ANKARA: Perverted Sense Of Power

Zaman Online
July 16 2008

DOÄ~^U ERGÄ°L [email protected] Columnists

One really wonders how in the world a bunch of people get together
and decide that the country is going down the drain and that they have
the moral authority to stop it by staging a coup and to start running
the country contrary to popular will, the state of the economy and
the international conjuncture.

Are they bereft of intelligence or does their lust for power overwhelm
their intelligence? Whatever the case may be, it is a pathological
phenomenon and both military education and the Turkish political
culture have to be rapidly cleansed of the need and right to stage
coups whenever the system actually is or is perceived to be in entropy.

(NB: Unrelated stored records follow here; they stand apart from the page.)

lemma dual_maximizing_sequence_convergent:
  assumes gs: "\<And>n. gs n \<in> Lq_space M q'" "\<And>n. Lq_norm M q' (gs n) = 1"
    and lim: "(\<lambda>n. norm (Astar (gs n))) \<longlonglongrightarrow> \<alpha>"
    and flim: "(\<lambda>n. (1 / norm (Astar (gs n))) *\<^sub>R Astar (gs n)) \<longlonglongrightarrow> f"
  shows "(\<lambda>n. Lq_norm M q' (\<lambda>x. gs n x - duality_map M q (A f) x)) \<longlonglongrightarrow> 0"
proof -
  define fs where "fs n = (1 / norm (Astar (gs n))) *\<^sub>R Astar (gs n)" for n
  have unit: "\<forall>\<^sub>F n in sequentially. norm (fs n) = 1"
    using dual_maximizing_sequence_primal(1)[OF gs lim] by (simp add: fs_def)
  have "norm f = 1"
    using tendsto_norm[OF flim] tendsto_eventually[OF unit] by (simp add: fs_def LIMSEQ_unique)
  have "\<forall>\<^sub>F n in sequentially. inner (fs n) (Astar (gs n)) = norm (Astar (gs n))"
    using unit by eventually_elim (auto simp: fs_def dot_square_norm power2_eq_square)
  then have "(\<lambda>n. inner (fs n) (Astar (gs n))) \<longlonglongrightarrow> \<alpha>" using lim by (simp add: tendsto_cong)
  then have "(\<lambda>n. (inner f (Astar (gs n)) - inner (fs n) (Astar (gs n))) + inner (fs n) (Astar (gs n)))
      \<longlonglongrightarrow> 0 + \<alpha>"
    using tendsto_inner_diff_zero[OF flim[folded fs_def] lim] by (intro tendsto_add)
  then have mlim: "(\<lambda>n. \<integral>x. inner (A f x) (gs n x) \<partial>M) \<longlonglongrightarrow> \<alpha>"
    using adjoint[OF gs(1)] by simp
  have "(\<integral>x. inner (A f x) (gs n x) \<partial>M) \<le> Lq_norm M q (A f)" for n
    using abs_inner_Astar_le[OF gs(1)[of n], of f] adjoint[OF gs(1)[of n], of f] gs(2) by simp
  then have "\<alpha> \<le> Lq_norm M q (A f)" using mlim by (intro LIMSEQ_le_const2) auto
  then have Af: "Lq_norm M q (A f) = \<alpha>" using Lq_norm_A_le[of f] \<open>norm f = 1\<close> by simp
  show ?thesis
    using Lq_tendsto_duality_map[OF q q' A_into _ gs] mlim alpha_pos by (simp add: Af)
qed

end

theorem lemma3:
  fixes M :: "'a measure"
    and q q' :: real
    and A :: "'h::{real_inner,complete_space} \<Rightarrow> 'a \<Rightarrow> 'k::{real_inner,real_normed_field}"
    and Astar :: "('a \<Rightarrow> 'k) \<Rightarrow> 'h"
    and \<alpha> :: real
  assumes q: "1 < q" and q': "q' = q / (q - 1)"
    and A_into: "\<And>f. A f \<in> Lq_space M q"
    and A_add: "\<And>f g. AE x in M. A (f + g) x = A f x + A g x"
    and A_scale: "\<And>c f. AE x in M. A (c *\<^sub>R f) x = c *\<^sub>R A f x"
    and A_bounded: "\<exists>C. \<forall>f. Lq_norm M q (A f) \<le> C * norm f"
    and adjoint: "\<And>g f. g \<in> Lq_space M q' \<Longrightarrow> inner f (Astar g) = (\<integral>x. inner (A f x) (g x) \<partial>M)"
    and alpha: "\<alpha> = op_norm_Lq M q A"
    and alpha_pos: "\<alpha> > 0"
  shows
    \<comment> \<open>(a1)\<close>
    "(\<forall>f. norm f = 1 \<and> Lq_norm M q (A f) = \<alpha> \<longrightarrow>
        (let g = duality_map M q (A f) in
          g \<in> Lq_space M q' \<and> Lq_norm M q' g = 1 \<and> norm (Astar g) = \<alpha>))
    \<and>
    \<comment> \<open>(a2)\<close>
    (\<forall>fs :: nat \<Rightarrow> 'h. (\<forall>n. norm (fs n) = 1) \<and> (\<lambda>n. Lq_norm M q (A (fs n))) \<longlonglongrightarrow> \<alpha> \<longrightarrow>
        (let gs = (\<lambda>n. duality_map M q (A (fs n))) in
          (\<forall>\<^sub>F n in sequentially. gs n \<in> Lq_space M q' \<and> Lq_norm M q' (gs n) = 1)
          \<and> (\<lambda>n. norm (Astar (gs n))) \<longlonglongrightarrow> \<alpha>
          \<and> (\<forall>g. g \<in> Lq_space M q' \<and> (\<lambda>n. Lq_norm M q' (\<lambda>x. gs n x - g x)) \<longlonglongrightarrow> 0 \<longrightarrow>
                fs \<longlonglongrightarrow> (1 / norm (Astar g)) *\<^sub>R Astar g)))
    \<and>
    \<comment> \<open>(b1)\<close>
    (\<forall>g. g \<in> Lq_space M q' \<and> Lq_norm M q' g = 1 \<and> norm (Astar g) = \<alpha> \<longrightarrow>
        (let f = (1 / norm (Astar g)) *\<^sub>R Astar g in
          norm f = 1 \<and> Lq_norm M q (A f) = \<alpha>))
    \<and>
    \<comment> \<open>(b2)\<close>
    (\<forall>gs :: nat \<Rightarrow> 'a \<Rightarrow> 'k. (\<forall>n. gs n \<in> Lq_space M q' \<and> Lq_norm M q' (gs n) = 1)
          \<and> (\<lambda>n. norm (Astar (gs n))) \<longlonglongrightarrow> \<alpha> \<longrightarrow>
        (let fs = (\<lambda>n. (1 / norm (Astar (gs n))) *\<^sub>R Astar (gs n)) in
          (\<forall>\<^sub>F n in sequentially. norm (fs n) = 1)
          \<and> (\<lambda>n. Lq_norm M q (A (fs n))) \<longlonglongrightarrow> \<alpha>
          \<and> (\<forall>f. fs \<longlonglongrightarrow> f \<longrightarrow>
                (\<lambda>n. Lq_norm M q' (\<lambda>x. gs n x - duality_map M q (A f) x)) \<longlonglongrightarrow> 0)))"
proof -
  interpret Lq_operator_adjoint M q q' A Astar \<alpha>
    using q q' A_into A_scale A_bounded adjoint alpha alpha_pos by unfold_locales
  show ?thesis
    unfolding Let_def
    apply (intro conjI; intro allI impI)
    subgoal for f using maximizer_dual by blast
    subgoal for fs using maximizing_sequence_dual[of fs] maximizing_sequence_convergent[of fs] by blast
    subgoal for g using dual_maximizer_primal by blast
    subgoal for gs
      using dual_maximizing_sequence_primal[of gs] dual_maximizing_sequence_convergent[of gs] by blast
    done
qed

end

The military cadets must be raised with a sense of professionalism
just like the professionalism of other vocations. They must not be
inculcated with the feeling of sacrifice and that they are doing a
favor for their nation just by performing their duty. Lieutenants
graduating from the war academy must not be conditioned to act as
statesmen and "saviors," while being soldiers at the same time, as
they are today. Additionally, the nation must not be conditioned to see
the armed forces as the "triumphant cavalry" riding in to deliver the
nation from bad politicians when the political system falters. The
elite of this country must rapidly reach a consensus to rid the
popular culture of extra-legal interventions during times of crisis
and to stand up together against such assaults on the popular will.

The intellectual and political elite of this country have neglected to
perform a thorough analysis on what the reasons behind the entropy in
the system are. That is why they could not develop viable solutions to
problems that have lingered on for decades and become gangrenous. In
fact they wanted to draw dividends from political polarization. Due
to elite consensus on the principles of living together in peace
(pluralist democracy) and economic progress by increasing the
productive capacity of the workforce and efficient use of natural
resources, Turkey missed the progress that many countries achieved
in the 20th century and faces the danger of missing a part of the
present one. That is a pity because the country has never fallen under
the stultifying yoke of communism or theocracy. Thus there must be
substantial flaws in its legal and administrative system as well as
in the vision and deeds of its ruling elite, who uphold each other
in a tutelary system.

The Ergenekon case is a window on these flaws. A group of people whose
value is measured by their own egos have amassed to run the country
at will by relying on military power that they would provoke to bring
order to the chaotic country they want to create by assassinations
and mass murders. These are retired generals, academicians and
businessmen who have befriended leaders of organized crime gangs like
"nationalist mafia"! The ideology with which they try legitimize their
illegal actions is Kemalism (named after Mustafa Kemal Ataturk). Any
student of Turkish politics knows that Kemalism is a combination
of nationalism, Westernism and authoritarian pragmatism. With the
assassination of Catholic priest Andrea Santoro in Trabzon and
prominent Turkish-Armenian journalist Hrant Dink in Ä°stanbul and
other crimes directed against foreigners and non-Muslim minorities,
the nationalism of this bunch has become a criminal affair rather
than an effort of exalting their nation. Due to their hatred for the
West, just because it stands for democracy and rule of law (their
worldview’s antithesis), they have dropped the Western orientation
of their ideology, further deviating from Kemalism. In fact in their
coded writings they have substituted the EU and the US for "coyote" and
"scorpion," which expose how alien they have become to the realities
they have been living in.

What remains is not even an ideology; it is sheer hunger for power and
lust for an authoritarian form of administration in khaki color. Their
pragmatism has no correspondence with either the realities of the
nation or of the contemporary world. In the absence of anything or
any group that would support them in their quest to run the country
in total disregard of its people, they fell into a schizoid state
of mind in which being saviors and criminality to come to power have
blended into each other.

Now that their caper is exposed and they face litigation, we will
observe whether the judiciary will judge them by their criminal actions
rather than view the case as an offensive defense of the Justice and
Development Party (AK Party) to prevent its closure. If the judiciary
demonstrates the maturity to distinguish the two phenomena, a giant
step will be taken toward establishing rule of law in this country.